Molly McGuire aka Magwire
My New Orleans by Ian McNulty
Each summer during Molly McGuire’s childhood in Ontario, a traveling carnival would unfurl its tents in a lot right behind her family’s home. The annual spectacle made a lasting impression, but she never did run away with the circus.
Instead, it was rock ‘n’ roll that put her on the road – first to New Orleans and then to Los Angeles and all points on a touring band’s compass and finally, in 2008, back to New Orleans.

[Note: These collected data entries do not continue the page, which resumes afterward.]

(* Let $\mathcal{A}$ and $\mathcal{B}$ be monoidal categories (not necessarily strict). Then $\mathcal{A}$ and $\mathcal{B}$ are monoidally equivalent if and only if there exist a monoidal category $\mathcal{C}$ and strict monoidal functors $P\colon \mathcal{C}\to\mathcal{A}$ and $Q\colon\mathcal{C}\to\mathcal{B}$ each of which is a surjective equivalence.
   Context: Monoidal categories $\mathcal{A},\mathcal{B}$ are monoidally equivalent if there exist strong monoidal functors $F\colon\mathcal{A}\to\mathcal{B}$, $G\colon\mathcal{B}\to\mathcal{A}$ and monoidal natural isomorphisms $1_{\mathcal{A}}\cong GF$ and $FG\cong 1_{\mathcal{B}}$. A strict monoidal functor is a monoidal functor whose coherence maps are identities, so that e.g. $P(c\otimes c') = P(c)\otimes P(c')$ and $P(I)=I$ as objects (the monoidal categories themselves need not be strict). A functor is a surjective equivalence if it is surjective on objects (genuinely), full, and faithful. *)

theory Defs
  imports Main
begin

record ('o, 'm) moncat =
  cObj :: "'o set"
  cArr :: "'m set"
  cDom :: "'m \<Rightarrow> 'o"
  cCod :: "'m \<Rightarrow> 'o"
  cId  :: "'o \<Rightarrow> 'm"
  cComp :: "'m \<Rightarrow> 'm \<Rightarrow> 'm"   (* cComp C g f = g o f *)
  cTo :: "'o \<Rightarrow> 'o \<Rightarrow> 'o"
  cTa :: "'m \<Rightarrow> 'm \<Rightarrow> 'm"
  cUnit :: "'o"
  cAssoc :: "'o \<Rightarrow> 'o \<Rightarrow> 'o \<Rightarrow> 'm"  (* (a (x) b) (x) c -> a (x) (b (x) c) *)
  cLunit :: "'o \<Rightarrow> 'm"                (* I (x) a -> a *)
  cRunit :: "'o \<Rightarrow> 'm"                (* a (x) I -> a *)

definition hom :: "('o, 'm) moncat \<Rightarrow> 'o \<Rightarrow> 'o \<Rightarrow> 'm set" where
  "hom C a b = {f \<in> cArr C. cDom C f = a \<and> cCod C f = b}"

definition category :: "('o, 'm) moncat \<Rightarrow> bool" where
  "category C \<longleftrightarrow>
     (\<forall>f\<in>cArr C. cDom C f \<in> cObj C \<and> cCod C f \<in> cObj C)
   \<and> (\<forall>a\<in>cObj C. cId C a \<in> hom C a a)
   \<and> (\<forall>f\<in>cArr C. \<forall>g\<in>cArr C. cCod C f = cDom C g \<longrightarrow>
          cComp C g f \<in> hom C (cDom C f) (cCod C g))
   \<and> (\<forall>f\<in>cArr C. cComp C f (cId C (cDom C f)) = f \<and> cComp C (cId C (cCod C f)) f = f)
   \<and> (\<forall>f\<in>cArr C. \<forall>g\<in>cArr C. \<forall>h\<in>cArr C. cCod C f = cDom C g \<and> cCod C g = cDom C h \<longrightarrow>
          cComp C h (cComp C g f) = cComp C (cComp C h g) f)"

definition iso :: "('o, 'm) moncat \<Rightarrow> 'm \<Rightarrow> bool" where
  "iso C f \<longleftrightarrow> f \<in> cArr C \<and>
     (\<exists>g\<in>hom C (cCod C f) (cDom C f).
        cComp C g f = cId C (cDom C f) \<and> cComp C f g = cId C (cCod C f))"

“The first time I came here, everything clicked,” McGuire says. “New Orleans was one-stop shopping for me. It was the first place where I didn’t feel like an outcast. After 20 years of straight touring, now I’m back where I can concentrate on my first love, which is art.”
She works under the name Magwire, and her art today is a little bit carnival and a little bit rock ‘n’ roll, informed along the way by a nomadic lifestyle and dashes of her past gigs painting business signs and movie sets.
It’s also as varied as this artist is prolific. McGuire manages the Bywater Art Lofts, and her work stretches across the common areas and offices of this garment-factory-turned-artist-apartments. From wall to wall, her art takes the form of large circus banners, which are by turns retro, mysterious and satiric; papier-mâché portraits of quirky midway characters; and collages exploring the portability and durability of the notion of home. There are paintings of mellow New Orleans scenes and darkly whimsical dollhouse sculptures based on the famous sporting houses of Storyville. Fittingly, a recent exhibit at 3 Ring Circus’ Big Top Gallery showing a range of representative pieces was titled Splintered Personalities.
“It looked like 17 different artists had contributed to the show,” McGuire says with a laugh.
“In order to excel at something, I think you need to be able to walk away from it for a while,” she says. “Every time I take on a new medium, I learn something I can apply back to my other work.”
McGuire has been on quite a roll lately. Commissioned work appears in the nine27 Apartments in the Warehouse District and the Standard Life Building in Jackson, Miss., and you’ll find McGuire’s tent of circus banners at this year’s New Orleans Jazz & Heritage Festival.